All Is Not Forgotten
In the small, affluent town of Fairview, Connecticut, everything seems picture perfect. Until one night when young Jenny Kramer is attacked at a local party. In the hours immediately after, she is given a controversial drug to medically erase her memory of the violent assault. But, in the weeks and months that follow, as she heals from her physical wounds, and with no factual recall of the attack, Jenny struggles with her raging emotional memory. Her father, Tom, becomes obsessed with his inability to find her attacker and seek justice while her mother, Charlotte, prefers to pretend this horrific event did not touch her perfect country club world.

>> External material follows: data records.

lemma Q_yx_eq_xinv_y: "Q_rels n \<turnstile> [pos Y, pos X] \<approx> [neg X, pos Y]"
proof -
  have "Q_rels n \<turnstile> [pos Y, pos X] \<approx> [pos Y, pos X, neg Y, pos Y]"
    using pres_eq_sym[OF pres_eq_cancel[of _ "[pos Y, pos X]" False Y "[]"]] by simp
  also have "Q_rels n \<turnstile> \<dots> \<approx> [neg X, pos X, pos Y, pos X, neg Y, pos Y]"
    using pres_eq_sym[OF pres_eq_cancel[of _ "[]" False X "[pos Y, pos X, neg Y, pos Y]"]] by simp
  also have "Q_rels n \<turnstile> \<dots> \<approx> [neg X, pos Y]"
    using Q_relator_conj[of n "[neg X]" "[pos Y]"] by simp
  finally show ?thesis .
qed

lemma Q_yxinv_eq_xy: "Q_rels n \<turnstile> [pos Y, neg X] \<approx> [pos X, pos Y]"
proof -
  have "Q_rels n \<turnstile> [pos Y, neg X] \<approx> [pos X] @ [neg X, pos Y] @ [neg X]"
    using pres_eq_sym[OF pres_eq_cancel[of _ "[]" True X "[pos Y, neg X]"]] by simp
  also have "Q_rels n \<turnstile> \<dots> \<approx> [pos X] @ [pos Y, pos X] @ [neg X]"
    by (intro pres_eq_appendL pres_eq_appendR pres_eq_sym[OF Q_yx_eq_xinv_y])
  also have "Q_rels n \<turnstile> \<dots> \<approx> [pos X, pos Y]"
    using pres_eq_cancel[of _ "[pos X, pos Y]" True X "[]"] by simp
  finally show ?thesis .
qed

lemma Q_y_wpow_X_swap: "Q_rels n \<turnstile> [pos Y] @ wpow X m \<approx> wpow X (- m) @ [pos Y]"
proof (induction m rule: int_induct[where k = 0])
  case (step1 m)
  have "[pos Y] @ wpow X (m + 1) = ([pos Y] @ wpow X m) @ [pos X]"
    using step1 by (simp add: wpow_succ_nonneg)
  also have "Q_rels n \<turnstile> \<dots> \<approx> wpow X (- m) @ [pos Y, pos X]"
    using pres_eq_appendR[OF step1(2)] by simp
  also have "Q_rels n \<turnstile> \<dots> \<approx> (wpow X (- m) @ [neg X]) @ [pos Y]"
    using pres_eq_appendL[OF Q_yx_eq_xinv_y] by simp
  also have "Q_rels n \<turnstile> \<dots> \<approx> wpow X (- (m + 1)) @ [pos Y]"
    using pres_eq_appendR[OF wpow_append_neg] by simp
  finally show ?case .
next
  case (step2 m)
  have "[pos Y] @ wpow X (m - 1) = ([pos Y] @ wpow X m) @ [neg X]"
    using step2 by (simp add: wpow_pred_nonpos)
  also have "Q_rels n \<turnstile> \<dots> \<approx> wpow X (- m) @ [pos Y, neg X]"
    using pres_eq_appendR[OF step2(2)] by simp
  also have "Q_rels n \<turnstile> \<dots> \<approx> (wpow X (- m) @ [pos X]) @ [pos Y]"
    using pres_eq_appendL[OF Q_yxinv_eq_xy] by simp
  also have "Q_rels n \<turnstile> \<dots> \<approx> wpow X (- (m - 1)) @ [pos Y]"
    using pres_eq_appendR[OF wpow_append_pos[of _ X "- m"]] by simp
  finally show ?case .
qed simp

lemma Q_conj_wpow_X: "Q_rels n \<turnstile> [pos Y] @ wpow X m @ [neg Y] \<approx> wpow X (- m)"
proof -
  have "Q_rels n \<turnstile> ([pos Y] @ wpow X m) @ [neg Y] \<approx> wpow X (- m) @ [pos Y, neg Y] @ []"
    using pres_eq_appendR[OF Q_y_wpow_X_swap] by simp
  also have "Q_rels n \<turnstile> \<dots> \<approx> wpow X (- m)"
    using pres_eq_cancel[of _ "wpow X (- m)" True Y "[]"] by simp
  finally show ?thesis by simp
qed

lemma Q_long_relator_factor:
  "Q_rels n \<turnstile> wpow X a @ [pos Y] @ wpow X b @ [neg Y] \<approx> wpow X (a - b)"
proof -
  have "Q_rels n \<turnstile> wpow X a @ [pos Y] @ wpow X b @ [neg Y] \<approx> wpow X a @ wpow X (- b)"
    by (rule pres_eq_appendL[OF Q_conj_wpow_X])
  also have "Q_rels n \<turnstile> \<dots> \<approx> wpow X (a - b)"
    using wpow_add[of _ X a "- b"] by simp
  finally show ?thesis .
qed

lemma Q_long_relator:
  "length as = length bs \<Longrightarrow>
   Q_rels n \<turnstile> concat (map (\<lambda>(a, b). wpow X a @ [pos Y] @ wpow X b @ [neg Y]) (zip as bs))
     \<approx> wpow X (sum_list as - sum_list bs)"
proof (induction as bs rule: list_induct2)
  case (Cons a as b bs)
  have "Q_rels n \<turnstile> concat (map (\<lambda>(a, b). wpow X a @ [pos Y] @ wpow X b @ [neg Y]) (zip (a # as) (b # bs)))
      \<approx> (wpow X a @ [pos Y] @ wpow X b @ [neg Y]) @ wpow X (sum_list as - sum_list bs)"
    using pres_eq_appendL[OF Cons.IH, of "wpow X a @ [pos Y] @ wpow X b @ [neg Y]"] by simp
  also have "Q_rels n \<turnstile> \<dots> \<approx> wpow X (a - b) @ wpow X (sum_list as - sum_list bs)"
    by (rule pres_eq_appendR[OF Q_long_relator_factor])
  also have "Q_rels n \<turnstile> \<dots> \<approx> wpow X (sum_list (a # as) - sum_list (b # bs))"
    using wpow_add[of _ X "a - b" "sum_list as - sum_list bs"] by (simp add: algebra_simps)
  finally show ?case .
qed simp

lemma Q_yinv_eq_x_pow_neg_n_y: "Q_rels n \<turnstile> [neg Y] \<approx> wpow X (- int n) @ [pos Y]"
proof -
  have "Q_rels n \<turnstile> wpow X (- int n) @ [pos Y] \<approx> wpow X (- int n) @ [pos Y, pos Y] @ [neg Y]"
    using pres_eq_sym[OF pres_eq_cancel[of _ "wpow X (- int n) @ [pos Y]" True Y "[]"]] by simp
  also have "Q_rels n \<turnstile> \<dots> \<approx> wpow X (- int n) @ wpow X (int n) @ [neg Y]"
    by (intro pres_eq_appendL pres_eq_appendR pres_eq_sym[OF Q_x_pow_n_eq_y_sq])
  also have "Q_rels n \<turnstile> \<dots> \<approx> [neg Y]"
    using pres_eq_appendR[OF wpow_add[of _ X "- int n" "int n"], where w = "[neg Y]"] by simp
  finally show ?thesis by (rule pres_eq_sym)
qed

lemma Q_wpow_X_order: "Q_rels n \<turnstile> wpow X (2 * int n) \<approx> []"
proof -
  have "Q_rels n \<turnstile> wpow X (- int n) \<approx> [pos Y] @ wpow X (int n) @ [neg Y]"
    by (rule pres_eq_sym[OF Q_conj_wpow_X])
  also have "Q_rels n \<turnstile> \<dots> \<approx> [pos Y] @ [pos Y, pos Y] @ [neg Y]"
    by (intro pres_eq_appendL pres_eq_appendR Q_x_pow_n_eq_y_sq)
  also have "Q_rels n \<turnstile> \<dots> \<approx> [pos Y, pos Y]"
    using pres_eq_cancel[of _ "[pos Y, pos Y]" True Y "[]"] by simp
  also have "Q_rels n \<turnstile> \<dots> \<approx> wpow X (int n)"
    by (rule pres_eq_sym[OF Q_x_pow_n_eq_y_sq])
  finally have inv: "Q_rels n \<turnstile> wpow X (- int n) \<approx> wpow X (int n)" .
  have "Q_rels n \<turnstile> wpow X (2 * int n) \<approx> wpow X (int n) @ wpow X (int n)"
    using pres_eq_sym[OF wpow_add[of _ X "int n" "int n"]] by simp
  also have "Q_rels n \<turnstile> \<dots> \<approx> wpow X (- int n) @ wpow X (int n)"
    by (rule pres_eq_appendR[OF pres_eq_sym[OF inv]])
  also have "Q_rels n \<turnstile> \<dots> \<approx> []"
    using wpow_add[of _ X "- int n" "int n"] by simp
  finally show ?thesis .
qed

subsection \<open>Normal forms in \<open>Q\<^sub>4\<^sub>n\<close>\<close>

definition Q_normal_word :: "int \<Rightarrow> bool \<Rightarrow> gen fword" where
  "Q_normal_word a e = wpow X a @ (if e then [pos Y] else [])"

lemma Q_normal_word_append_wpow_X:
  "Q_rels n \<turnstile> Q_normal_word a e @ wpow X m \<approx> Q_normal_word (if e then a - m else a + m) e"
proof (cases e)
  case True
  have "Q_rels n \<turnstile> wpow X a @ [pos Y] @ wpow X m \<approx> wpow X a @ wpow X (- m) @ [pos Y]"
    by (rule pres_eq_appendL[OF Q_y_wpow_X_swap])
  also have "Q_rels n \<turnstile> \<dots> \<approx> wpow X (a - m) @ [pos Y]"
    using pres_eq_appendR[OF wpow_add[of _ X a "- m"], where w = "[pos Y]"] by simp
  finally show ?thesis using True by (simp add: Q_normal_word_def)
qed (simp add: Q_normal_word_def wpow_add)

lemma Q_normal_word_append_Y_letter:
  "\<exists>a' e'. Q_rels n \<turnstile> Q_normal_word a e @ [(s, Y)] \<approx> Q_normal_word a' e'"
proof (cases s)
  case True
  have "Q_rels n \<turnstile> wpow X a @ [pos Y, pos Y] \<approx> wpow X a @ wpow X (int n)"
    by (rule pres_eq_appendL[OF pres_eq_sym[OF Q_x_pow_n_eq_y_sq]])
  also have "Q_rels n \<turnstile> \<dots> \<approx> wpow X (a + int n)" by (rule wpow_add)
  finally have "Q_rels n \<turnstile> Q_normal_word a True @ [pos Y] \<approx> Q_normal_word (a + int n) False"
    by (simp add: Q_normal_word_def)
  moreover have "Q_normal_word a False @ [pos Y] = Q_normal_word a True"
    by (simp add: Q_normal_word_def)
  ultimately show ?thesis using True by (cases e) (auto intro: pres_eq_refl)
next
  case False
  have "Q_rels n \<turnstile> wpow X a @ [neg Y] \<approx> wpow X a @ wpow X (- int n) @ [pos Y]"
    by (rule pres_eq_appendL[OF Q_yinv_eq_x_pow_neg_n_y])
  also have "Q_rels n \<turnstile> \<dots> \<approx> wpow X (a - int n) @ [pos Y]"
    using pres_eq_appendR[OF wpow_add[of _ X a "- int n"], where w = "[pos Y]"] by simp
  finally have "Q_rels n \<turnstile> Q_normal_word a False @ [neg Y] \<approx> Q_normal_word (a - int n) True"
    by (simp add: Q_normal_word_def)
  moreover have "Q_rels n \<turnstile> Q_normal_word a True @ [neg Y] \<approx> Q_normal_word a False"
    using pres_eq_cancel[of _ "wpow X a" True Y "[]"] by (simp add: Q_normal_word_def)
  ultimately show ?thesis using False by (cases e) auto
qed

lemma Q_normal_form: "\<exists>a e. Q_rels n \<turnstile> w \<approx> Q_normal_word a e"
proof (induction w rule: rev_induct)
  case Nil
  have "Q_rels n \<turnstile> [] \<approx> Q_normal_word 0 False" by (simp add: Q_normal_word_def)
  then show ?case by blast
next
  case (snoc l w)
  then obtain a e where "Q_rels n \<turnstile> w @ [l] \<approx> Q_normal_word a e @ [l]"
    using pres_eq_appendR by blast
  moreover obtain s g where l: "l = (s, g)" by fastforce
  moreover have "\<exists>a' e'. Q_rels n \<turnstile> Q_normal_word a e @ [(s, g)] \<approx> Q_normal_word a' e'"
  proof (cases g)
    case X
    then have "[(s, g)] = wpow X (if s then 1 else - 1)" by (simp add: wpow_def)
    then show ?thesis using Q_normal_word_append_wpow_X by metis
  qed (use Q_normal_word_append_Y_letter in blast)
  ultimately show ?case by (blast intro: pres_eq_trans)
qed

lemma finite_Q_group:
  assumes "n \<ge> 1"
  shows "finite (carrier (Q_group n))"
proof -
  have "carrier (Q_group n) \<subseteq>
      (\<lambda>(a, e). pres_rel (Q_rels n) `` {Q_normal_word a e}) ` ({0..<2 * int n} \<times> UNIV)"
  proof
    fix C assume "C \<in> carrier (Q_group n)"
    then obtain w where C: "C = pres_rel (Q_rels n) `` {w}"
      by (auto simp: Q_group_def carrier_presented_group_iff)
    obtain a e where "Q_rels n \<turnstile> w \<approx> Q_normal_word a e"
      using Q_normal_form by blast
    also have "Q_rels n \<turnstile> Q_normal_word a e \<approx> Q_normal_word (a mod (2 * int n)) e"
      unfolding Q_normal_word_def by (rule pres_eq_appendR[OF wpow_mod[OF Q_wpow_X_order]])
    finally have "C = pres_rel (Q_rels n) `` {Q_normal_word (a mod (2 * int n)) e}"
      unfolding C pres_eq_def by (simp add: equiv_class_eq[OF equiv_pres_rel])
    moreover have "a mod (2 * int n) \<in> {0..<2 * int n}" using assms by simp
    ultimately show "C \<in> (\<lambda>(a, e). pres_rel (Q_rels n) `` {Q_normal_word a e}) ` ({0..<2 * int n} \<times> UNIV)"
      by force
  qed
  then show ?thesis by (rule finite_subset) simp
qed

lemma pres_rel_P_subset_Q:
  assumes "length ns = length ms"
  shows "pres_rel (P_rels n ns ms) \<subseteq> pres_rel (Q_rels n)"
proof (rule pres_rel_subset_if_relators_trivial)
  fix r assume "r \<in> P_rels n ns ms"
  then consider "r \<in> Q_rels n"
    | "r = concat (map (\<lambda>(a, b). wpow X a @ [pos Y] @ wpow X b @ [neg Y])
                 (zip (ns @ [1 - sum_list ns]) (ms @ [1 - sum_list ms])))"
    by (auto simp: P_rels_def Q_rels_def)
  then show "Q_rels n \<turnstile> r \<approx> []"
  proof cases
    case 1
    then show ?thesis using pres_eq_relator[of r _ "[]" "[]"] by simp
  next
    case 2
    then show ?thesis using Q_long_relator[of "ns @ [1 - sum_list ns]" "ms @ [1 - sum_list ms]" n] assms
      by simp
  qed
qed

theorem corollary3p8:
  fixes n k :: nat and ns ms :: "int list"
  assumes "n \<ge> 2" and "k \<ge> 1"
    and "length ns = k" and "length ms = k"
    and "\<forall>i\<in>set ns. i \<noteq> 0" and "\<forall>i\<in>set ms. i \<noteq> 0"
    and "P_group n ns ms \<cong> Q_group n"
  shows "\<exists>h \<in> iso (P_group n ns ms) (Q_group n).
           h (gen_class (P_rels n ns ms) X) = gen_class (Q_rels n) X \<and>
           h (gen_class (P_rels n ns ms) Y) = gen_class (Q_rels n) Y"
proof -
  have sub: "pres_rel (P_rels n ns ms) \<subseteq> pres_rel (Q_rels n)"
    using assms(3,4) by (simp add: pres_rel_P_subset_Q)
  let ?h = "Image (pres_rel (Q_rels n))"
  have "?h \<in> iso (P_group n ns ms) (Q_group n)"
    using surj_hom_iso_if_isomorphic_finite[OF presented_group_Image_hom[OF sub]
        presented_group_Image_onto[OF sub]] assms(1,7) finite_Q_group
    by (simp add: P_group_def Q_group_def)
  moreover have "?h (gen_class (P_rels n ns ms) g) = gen_class (Q_rels n) g" for g
    unfolding gen_class_def by (rule Image_pres_rel_class[OF sub])
  ultimately show ?thesis by blast
qed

As they seek help for their daughter, the fault lines within their marriage and their close-knit community emerge from the shadows where they have been hidden for years, and the relentless quest to find the monster who invaded their town—or perhaps lives among them—drive this psychological thriller to a shocking and unexpected conclusion
There Will Be Stars
Only in death could Bobby Barnes begin to understand the true nature of love. No one in Mattingly ever believed Bobby Barnes would live to see old age. Drink would either rot Bobby from the inside out or dull his senses just enough to send his truck off the mountain on one of his nightly rides. Although Bobby believes such an end possible and even likely, it doesn’t stop him from taking his twin sons Matthew and Mark into the mountains one Saturday night. A sharp curve, blinding headlights, metal on metal, his sons’ screams. Bobby’s final thought as he sinks into blackness is a curious one—There will be stars.
Yet it is not death that greets him beyond the veil. Instead, he returns to the day he has just lived and soon finds he is not alone in this strange new world. Six others are trapped there with him. Bobby soon discovers that rather than the place of peace he had been led to believe he was in, it’s actually a place of secrets and hidden dangers. Along with three others, he seeks to escape even as the world around him begins to crumble. The escape will lead some to greater life, others to endless death . . . and Bobby Barnes to understand the deepest nature of love.
Girls on Fire
Set in the small-town early 1990s—the moment of volcanic teenage revolution presided over by the tortured prince Kurt Cobain—Girls on Fire stalks the treacherous territory between girlhood and adulthood, through the story of two love triangles gone violently wrong. In the tradition of The Virgin Suicides and Heathers, Girls on Fire is both a thriller and a portrait of the intoxication of girlhood and female friendship—an unflinching and unforgettable portrait of good girls, bad girls, lost and found girls, strong and weak girls, girls who burn bright and brighter, and some who flicker away: girls on fire.
LaRose
After Landreaux Iron is involved in a devastating hunting mishap, he’s forced to settle the score in the only way he knows how. An emotionally powerful literary masterpiece about natural justice and a reparation of the heart, an act that has old roots in indigenous culture—by the author of the bestselling novel, The Round House, winner of the 2012 National Book Award for Fiction.